> [Collected data entries]

- - - - - - -

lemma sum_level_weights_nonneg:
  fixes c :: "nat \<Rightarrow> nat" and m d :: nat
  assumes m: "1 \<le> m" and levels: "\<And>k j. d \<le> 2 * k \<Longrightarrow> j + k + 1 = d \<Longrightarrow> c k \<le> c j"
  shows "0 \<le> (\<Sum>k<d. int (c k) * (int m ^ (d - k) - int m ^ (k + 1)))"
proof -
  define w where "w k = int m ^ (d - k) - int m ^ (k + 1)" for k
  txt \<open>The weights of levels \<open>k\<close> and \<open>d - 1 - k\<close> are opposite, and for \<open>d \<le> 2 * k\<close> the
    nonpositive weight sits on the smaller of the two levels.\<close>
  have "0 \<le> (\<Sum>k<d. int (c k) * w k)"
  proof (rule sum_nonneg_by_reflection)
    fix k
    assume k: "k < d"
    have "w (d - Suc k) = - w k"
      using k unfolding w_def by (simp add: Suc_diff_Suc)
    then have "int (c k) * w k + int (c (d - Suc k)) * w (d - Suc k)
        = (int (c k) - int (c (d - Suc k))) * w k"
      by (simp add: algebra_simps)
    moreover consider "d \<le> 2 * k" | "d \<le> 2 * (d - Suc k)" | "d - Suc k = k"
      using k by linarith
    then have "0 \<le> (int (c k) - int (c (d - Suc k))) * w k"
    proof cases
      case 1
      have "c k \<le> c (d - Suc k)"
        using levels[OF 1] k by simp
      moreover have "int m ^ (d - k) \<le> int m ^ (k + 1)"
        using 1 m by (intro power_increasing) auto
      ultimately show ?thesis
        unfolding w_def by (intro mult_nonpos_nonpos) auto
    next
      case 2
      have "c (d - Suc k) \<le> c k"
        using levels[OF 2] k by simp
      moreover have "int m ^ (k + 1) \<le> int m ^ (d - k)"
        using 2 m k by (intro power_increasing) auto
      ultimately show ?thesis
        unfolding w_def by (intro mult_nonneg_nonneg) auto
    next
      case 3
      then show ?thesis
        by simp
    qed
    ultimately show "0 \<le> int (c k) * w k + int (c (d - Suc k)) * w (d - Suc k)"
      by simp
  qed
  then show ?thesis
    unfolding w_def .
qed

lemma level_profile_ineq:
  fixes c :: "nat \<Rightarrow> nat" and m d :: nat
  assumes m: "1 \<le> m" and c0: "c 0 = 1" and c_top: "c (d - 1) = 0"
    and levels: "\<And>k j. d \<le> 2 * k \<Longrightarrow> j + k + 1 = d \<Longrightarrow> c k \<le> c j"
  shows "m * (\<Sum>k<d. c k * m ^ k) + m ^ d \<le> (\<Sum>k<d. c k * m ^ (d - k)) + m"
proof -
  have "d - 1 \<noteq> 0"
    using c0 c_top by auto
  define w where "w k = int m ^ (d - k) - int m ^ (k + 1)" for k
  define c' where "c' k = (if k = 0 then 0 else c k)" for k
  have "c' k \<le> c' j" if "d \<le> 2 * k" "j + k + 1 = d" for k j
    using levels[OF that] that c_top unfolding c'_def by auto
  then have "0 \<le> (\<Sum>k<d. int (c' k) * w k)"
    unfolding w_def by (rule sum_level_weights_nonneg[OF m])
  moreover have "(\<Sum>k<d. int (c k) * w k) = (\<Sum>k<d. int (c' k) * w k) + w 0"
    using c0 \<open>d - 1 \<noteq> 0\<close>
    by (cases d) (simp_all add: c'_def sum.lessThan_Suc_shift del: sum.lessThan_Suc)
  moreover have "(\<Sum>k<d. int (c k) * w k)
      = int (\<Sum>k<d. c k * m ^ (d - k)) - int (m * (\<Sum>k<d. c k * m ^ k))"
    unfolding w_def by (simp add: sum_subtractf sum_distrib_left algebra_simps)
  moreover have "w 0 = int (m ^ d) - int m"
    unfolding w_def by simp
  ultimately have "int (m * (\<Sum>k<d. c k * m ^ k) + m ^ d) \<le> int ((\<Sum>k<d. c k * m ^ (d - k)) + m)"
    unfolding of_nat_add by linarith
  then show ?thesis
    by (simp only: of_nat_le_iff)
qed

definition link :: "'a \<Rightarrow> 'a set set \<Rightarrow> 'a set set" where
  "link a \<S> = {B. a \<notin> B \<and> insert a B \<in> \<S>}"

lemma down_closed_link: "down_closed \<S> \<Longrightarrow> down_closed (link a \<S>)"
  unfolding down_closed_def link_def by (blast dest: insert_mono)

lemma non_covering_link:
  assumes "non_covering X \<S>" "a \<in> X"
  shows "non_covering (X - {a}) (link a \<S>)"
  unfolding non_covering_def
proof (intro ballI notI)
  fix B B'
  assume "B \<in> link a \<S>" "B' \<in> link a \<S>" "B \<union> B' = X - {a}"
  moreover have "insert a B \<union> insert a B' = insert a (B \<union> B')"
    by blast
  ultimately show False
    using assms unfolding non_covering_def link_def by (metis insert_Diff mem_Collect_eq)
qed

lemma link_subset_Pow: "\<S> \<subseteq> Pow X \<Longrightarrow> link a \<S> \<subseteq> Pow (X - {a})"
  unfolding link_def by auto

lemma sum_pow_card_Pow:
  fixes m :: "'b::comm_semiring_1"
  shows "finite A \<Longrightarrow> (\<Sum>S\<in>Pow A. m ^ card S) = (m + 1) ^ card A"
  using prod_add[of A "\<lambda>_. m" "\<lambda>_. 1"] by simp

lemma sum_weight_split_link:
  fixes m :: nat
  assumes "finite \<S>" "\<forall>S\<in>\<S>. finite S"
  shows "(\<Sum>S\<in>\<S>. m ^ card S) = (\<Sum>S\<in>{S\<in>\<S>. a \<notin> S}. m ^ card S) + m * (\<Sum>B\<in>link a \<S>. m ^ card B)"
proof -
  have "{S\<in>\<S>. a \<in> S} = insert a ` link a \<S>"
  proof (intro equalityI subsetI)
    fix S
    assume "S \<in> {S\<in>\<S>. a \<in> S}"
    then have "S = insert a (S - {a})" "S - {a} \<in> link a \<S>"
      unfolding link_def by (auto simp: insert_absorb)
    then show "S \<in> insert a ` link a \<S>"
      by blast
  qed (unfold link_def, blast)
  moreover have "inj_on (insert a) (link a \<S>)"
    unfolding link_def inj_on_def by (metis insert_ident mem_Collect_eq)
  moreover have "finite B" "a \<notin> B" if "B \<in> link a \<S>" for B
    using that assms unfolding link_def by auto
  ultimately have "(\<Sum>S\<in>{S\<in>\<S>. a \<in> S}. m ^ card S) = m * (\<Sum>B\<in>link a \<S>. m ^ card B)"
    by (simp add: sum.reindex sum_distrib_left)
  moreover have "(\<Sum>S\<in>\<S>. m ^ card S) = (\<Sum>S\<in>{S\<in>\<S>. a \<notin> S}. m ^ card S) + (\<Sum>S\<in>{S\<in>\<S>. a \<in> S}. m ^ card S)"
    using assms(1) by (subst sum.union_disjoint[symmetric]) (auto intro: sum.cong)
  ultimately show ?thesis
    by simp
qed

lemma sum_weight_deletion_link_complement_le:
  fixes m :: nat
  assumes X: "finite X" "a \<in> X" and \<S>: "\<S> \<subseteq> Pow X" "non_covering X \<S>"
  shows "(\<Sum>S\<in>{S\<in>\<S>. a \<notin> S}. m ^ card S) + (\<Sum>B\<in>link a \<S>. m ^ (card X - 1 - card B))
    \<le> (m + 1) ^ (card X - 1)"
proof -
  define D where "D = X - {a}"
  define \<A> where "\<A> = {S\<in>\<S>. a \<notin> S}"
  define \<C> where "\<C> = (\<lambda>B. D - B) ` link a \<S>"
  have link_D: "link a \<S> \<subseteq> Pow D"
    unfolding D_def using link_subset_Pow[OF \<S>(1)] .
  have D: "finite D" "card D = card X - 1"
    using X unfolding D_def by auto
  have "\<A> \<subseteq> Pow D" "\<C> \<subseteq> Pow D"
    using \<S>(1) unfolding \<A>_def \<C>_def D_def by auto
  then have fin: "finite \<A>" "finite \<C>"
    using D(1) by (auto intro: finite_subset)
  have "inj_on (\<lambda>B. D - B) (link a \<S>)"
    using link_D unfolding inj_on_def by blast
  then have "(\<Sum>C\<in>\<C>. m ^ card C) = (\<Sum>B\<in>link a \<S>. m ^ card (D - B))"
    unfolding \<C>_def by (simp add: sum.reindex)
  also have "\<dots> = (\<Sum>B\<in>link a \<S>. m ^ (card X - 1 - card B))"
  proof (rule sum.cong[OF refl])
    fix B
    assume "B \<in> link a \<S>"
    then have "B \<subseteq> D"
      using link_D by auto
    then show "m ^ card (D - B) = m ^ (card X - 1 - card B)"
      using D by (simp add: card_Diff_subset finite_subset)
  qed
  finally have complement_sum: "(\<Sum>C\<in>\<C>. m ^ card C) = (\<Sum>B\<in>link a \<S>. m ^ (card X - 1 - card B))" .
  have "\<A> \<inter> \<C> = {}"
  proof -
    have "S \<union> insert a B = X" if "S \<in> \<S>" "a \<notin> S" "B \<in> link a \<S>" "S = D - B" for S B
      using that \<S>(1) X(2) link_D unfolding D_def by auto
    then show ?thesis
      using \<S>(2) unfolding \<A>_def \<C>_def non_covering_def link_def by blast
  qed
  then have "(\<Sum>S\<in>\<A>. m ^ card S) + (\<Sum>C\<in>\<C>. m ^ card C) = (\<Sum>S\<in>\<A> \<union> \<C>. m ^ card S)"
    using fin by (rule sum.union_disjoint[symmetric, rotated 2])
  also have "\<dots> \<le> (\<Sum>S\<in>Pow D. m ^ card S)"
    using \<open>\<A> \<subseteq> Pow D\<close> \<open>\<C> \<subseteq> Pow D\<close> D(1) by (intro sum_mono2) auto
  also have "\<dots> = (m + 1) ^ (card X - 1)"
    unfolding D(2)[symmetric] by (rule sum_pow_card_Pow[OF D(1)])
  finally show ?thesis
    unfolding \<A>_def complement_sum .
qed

- - - - - - -

> [What you are asked to do]
Check each line above for the string "reindex" and return those that contain it.

> [Finished exercise]
    by (simp add: sum.reindex sum_distrib_left)
    unfolding \<C>_def by (simp add: sum.reindex)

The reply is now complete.